Enhancing Research Centre profiling through Natural Language Processing: Gender representation in a large research institute
Sampritha Manjunath, Paul Buitelaar
Efficiently identifying and characterising the research focus of a large research centre is pivotal for promoting collaboration and synergy among its members as well as fostering connections beyond the Centre’s confines. Leveraging Natural Language Processing techniques for this purpose holds significant promise. In this study Inisght researchers Sampritha Manjunath (pictured) and Paul Buitelaar of the University of Galway employ topic extraction methods on the titles and abstracts of scientific publications authored by members of the research centre to delineate their respective areas of research and further analyse the gender representation among the areas of research.
The member data used in this study is captured using Insight’s own reporting tool, Performance Update Presentation System’ (PUPS). Paul Buitelaar and Sampritha Manjunath teamed up with Insight members Derek Greene and Eoghan Cunningham of UCD on Semantic Scholar and Scopus to extract members’ publication details, including title and abstract. The study covered 423 female centre members and 987 male centre members.
The ‘Saffron’ tool was used to extract the topic of interest. The researchers considered 20 topics for this study. The authors’ information, including gender information, extracted from PUPS, was mapped to the publication data.

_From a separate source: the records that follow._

lemma surplus_union_V:
  "X \<subseteq> V \<Longrightarrow> Y \<subseteq> V \<Longrightarrow> X \<inter> Y = {} \<Longrightarrow> surplus (X \<union> Y) = surplus X + surplus Y"
  using finite_V by (intro surplus_union) (auto intro: finite_subset)

lemma surplus_partition:
  "surplus V = surplus B + surplus (isolated U) + surplus (isolated W) + surplus C1 + surplus C2"
proof -
  let ?I = "isolated U \<union> isolated W"
  have sub: "?I \<subseteq> V - B" "C1 \<subseteq> V - B" "C2 \<subseteq> V - B"
    using isolated_subset comp_subset[OF C1(1)] comp_subset[OF C2(1)] by auto
  have "V = B \<union> ((?I \<union> C1) \<union> C2)"
    using component_cases B_subset sub U_W_partition by blast
  then have "surplus V = surplus (B \<union> ((?I \<union> C1) \<union> C2))" by (rule arg_cong)
  also have "\<dots> = surplus B + surplus ((?I \<union> C1) \<union> C2)"
    using sub B_subset by (intro surplus_union_V) auto
  also have "surplus ((?I \<union> C1) \<union> C2) = surplus (?I \<union> C1) + surplus C2"
    using sub singleton_not_in_C12 C1_C2_disjoint by (intro surplus_union_V) auto
  also have "surplus (?I \<union> C1) = surplus ?I + surplus C1"
    using sub singleton_not_in_C12 by (intro surplus_union_V) auto
  also have "surplus ?I = surplus (isolated U) + surplus (isolated W)"
    using sub U_W_partition by (intro surplus_union_V) auto
  finally show ?thesis by simp
qed

lemma card_identities:
  "card (B \<inter> U) = card (isolated W) + 1 \<and> card (C2 \<inter> U) = card (C2 \<inter> W) + 1
   \<and> card (B \<inter> W) = card (isolated U) + 1 \<and> card (C1 \<inter> W) = card (C1 \<inter> U) + 1"
proof -
  have C: "C1 \<subseteq> V" "C2 \<subseteq> V" using comp_subset C1(1) C2(1) by auto
  have sub: "isolated U \<subseteq> V" "isolated W \<subseteq> V" using isolated_subset by auto
  have "isolated U \<inter> W = {}" "isolated U \<inter> U = isolated U" "isolated W \<inter> W = isolated W"
    "isolated W \<inter> U = {}" using U_W_partition by auto
  then have iso: "surplus (isolated U) = - int (card (isolated U))" "surplus (isolated W) = int (card (isolated W))"
    using surplus_eq_card[OF sub(1)] surplus_eq_card[OF sub(2)] by simp_all
  have "card B = card (B \<inter> U) + card (B \<inter> W)"
    using B_subset U_W_partition finite_V by (subst card_Un_disjoint[symmetric]) (auto intro: arg_cong[where f = card] finite_subset)
  then show ?thesis
    using surplus_partition surplus_V surplus_C1_eq surplus_C2_eq iso card_B_eq
      surplus_eq_card[OF B_subset] surplus_eq_card[OF C(1)] surplus_eq_card[OF C(2)]
    by linarith
qed

lemma no_component_meets_both:
  assumes K: "K \<in> comps" "x \<in> K" "y \<in> K"
    and x: "x \<in> isolated U \<union> (C2 \<inter> U)" and y: "y \<in> isolated W \<union> (C1 \<inter> W)"
  shows False
proof (cases "x \<in> C2")
  case True
  then have "K = C2" using components_disjoint[OF K(1) C2(1) K(2)] by simp
  then show False using y K(3) singleton_not_in_C12 C1_C2_disjoint by blast
next
  case False
  then have "{x} \<in> comps" "x \<in> U" using x by auto
  then have "K = {x}" using components_disjoint[OF K(1) _ K(2)] by simp
  then show False using y K(3) \<open>x \<in> U\<close> U_W_partition by auto
qed
(* Let $\mathbf P=(P,\leq,{}',0,1)$ be an orthogonal lub-complete poset. Then the following conditions are equivalent: (i) $\mathbf P$ is an orthomodular poset. (ii) $\mathbf P$ satisfies $x\leq y$ if and only if $x\rightarrow_K y=1$ for all $x,y\in P$. (iii) $\mathbf P$ satisfies $x\leq y$ if and only if $x\rightarrow_N y=1$ for all $x,y\in P$.
   Context: $(P,\leq,{}',0,1)$ is a bounded poset with an antitone involution ${}'$; orthogonal means $x\leq y'$ implies $x\vee y$ exists; lub-complete means for every lower bound $x$ of a finite subset $M$ there is a maximal lower bound of $M$ above $x$; orthomodular means orthogonal and $x\leq y$ implies $x\vee(y\wedge x')=y$. For $A\subseteq P$, $L(A)$, $U(A)$ are the lower and upper cones, $\mathrm{Max}\,A$, $\mathrm{Min}\,A$ the sets of maximal and minimal elements; joins/meets with sets are elementwise. Kalmbach implication: $x\rightarrow_K y:=\mathrm{Max}\,L(x',y)\vee \mathrm{Max}\,L(x',y')\vee (x\wedge \mathrm{Min}\,U(x',y))$; non-tolens implication: $x\rightarrow_N y:=y'\rightarrow_K x'$. "$=1$" means equal to $\{1\}$. *)

theory Defs
  imports Main
begin

text \<open>The bounded poset (P, \<le>, ', 0, 1) is modelled as a type of class bounded_order
  (0 = bot, 1 = top) together with an operation cmp (the map x \<mapsto> x').\<close>

definition antitone_involution :: "('a::order \<Rightarrow> 'a) \<Rightarrow> bool" where
  "antitone_involution cmp \<longleftrightarrow> (\<forall>x y. x \<le> y \<longrightarrow> cmp y \<le> cmp x) \<and> (\<forall>x. cmp (cmp x) = x)"

definition is_join :: "'a::order \<Rightarrow> 'a \<Rightarrow> 'a \<Rightarrow> bool" where
  "is_join x y s \<longleftrightarrow> x \<le> s \<and> y \<le> s \<and> (\<forall>t. x \<le> t \<and> y \<le> t \<longrightarrow> s \<le> t)"

definition is_meet :: "'a::order \<Rightarrow> 'a \<Rightarrow> 'a \<Rightarrow> bool" where
  "is_meet x y m \<longleftrightarrow> m \<le> x \<and> m \<le> y \<and> (\<forall>t. t \<le> x \<and> t \<le> y \<longrightarrow> t \<le> m)"

definition lcone :: "'a::order set \<Rightarrow> 'a set" where
  "lcone A = {x. \<forall>a\<in>A. x \<le> a}"

definition ucone :: "'a::order set \<Rightarrow> 'a set" where
  "ucone A = {x. \<forall>a\<in>A. a \<le> x}"

definition maxs :: "'a::order set \<Rightarrow> 'a set" where
  "maxs A = {x\<in>A. \<forall>y\<in>A. x \<le> y \<longrightarrow> y = x}"

definition mins :: "'a::order set \<Rightarrow> 'a set" where
  "mins A = {x\<in>A. \<forall>y\<in>A. y \<le> x \<longrightarrow> y = x}"

definition set_join :: "'a::order set \<Rightarrow> 'a set \<Rightarrow> 'a set" where
  "set_join A B = {s. \<exists>a\<in>A. \<exists>b\<in>B. is_join a b s}"

definition set_meet :: "'a::order set \<Rightarrow> 'a set \<Rightarrow> 'a set" where
  "set_meet A B = {m. \<exists>a\<in>A. \<exists>b\<in>B. is_meet a b m}"

definition orthogonal :: "('a::order \<Rightarrow> 'a) \<Rightarrow> bool" where
  "orthogonal cmp \<longleftrightarrow> (\<forall>x y. x \<le> cmp y \<longrightarrow> (\<exists>s. is_join x y s))"

definition lub_complete :: "'a::order itself \<Rightarrow> bool" where
  "lub_complete _ \<longleftrightarrow>
     (\<forall>M :: 'a set. finite M \<longrightarrow> (\<forall>x\<in>lcone M. \<exists>m\<in>maxs (lcone M). x \<le> m))"

definition orthomodular :: "('a::order \<Rightarrow> 'a) \<Rightarrow> bool" where
  "orthomodular cmp \<longleftrightarrow> orthogonal cmp \<and>
     (\<forall>x y. x \<le> y \<longrightarrow> (\<exists>m. is_meet y (cmp x) m \<and> is_join x m y))"

definition impK :: "('a::order \<Rightarrow> 'a) \<Rightarrow> 'a \<Rightarrow> 'a \<Rightarrow> 'a set" where
  "impK cmp x y =
     set_join (set_join (maxs (lcone {cmp x, y})) (maxs (lcone {cmp x, cmp y})))
              (set_meet {x} (mins (ucone {cmp x, y})))"

definition impN :: "('a::order \<Rightarrow> 'a) \<Rightarrow> 'a \<Rightarrow> 'a \<Rightarrow> 'a set" where
  "impN cmp x y = impK cmp (cmp y) (cmp x)"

The researchers analysed this data under the three headings:
Gender balance in overall top 20 topics
Gender balance in top 20 topics extracted for female cohort
Gender balance in top 20 topics for male cohort
Some of the topics that came closest to parity between male and female researchers were ‘Physical Activity’ and ‘Quality of Life’. The involvement of female researchers was lowest compared to male researchers in fields such as of ‘Natural Language Processing’ and ‘Recommender Systems’.
The next step for researchers Buitelaar and Manjunath is to obtain updated data and further enhance the research study by including collaboration among cohorts and first and last author analysis.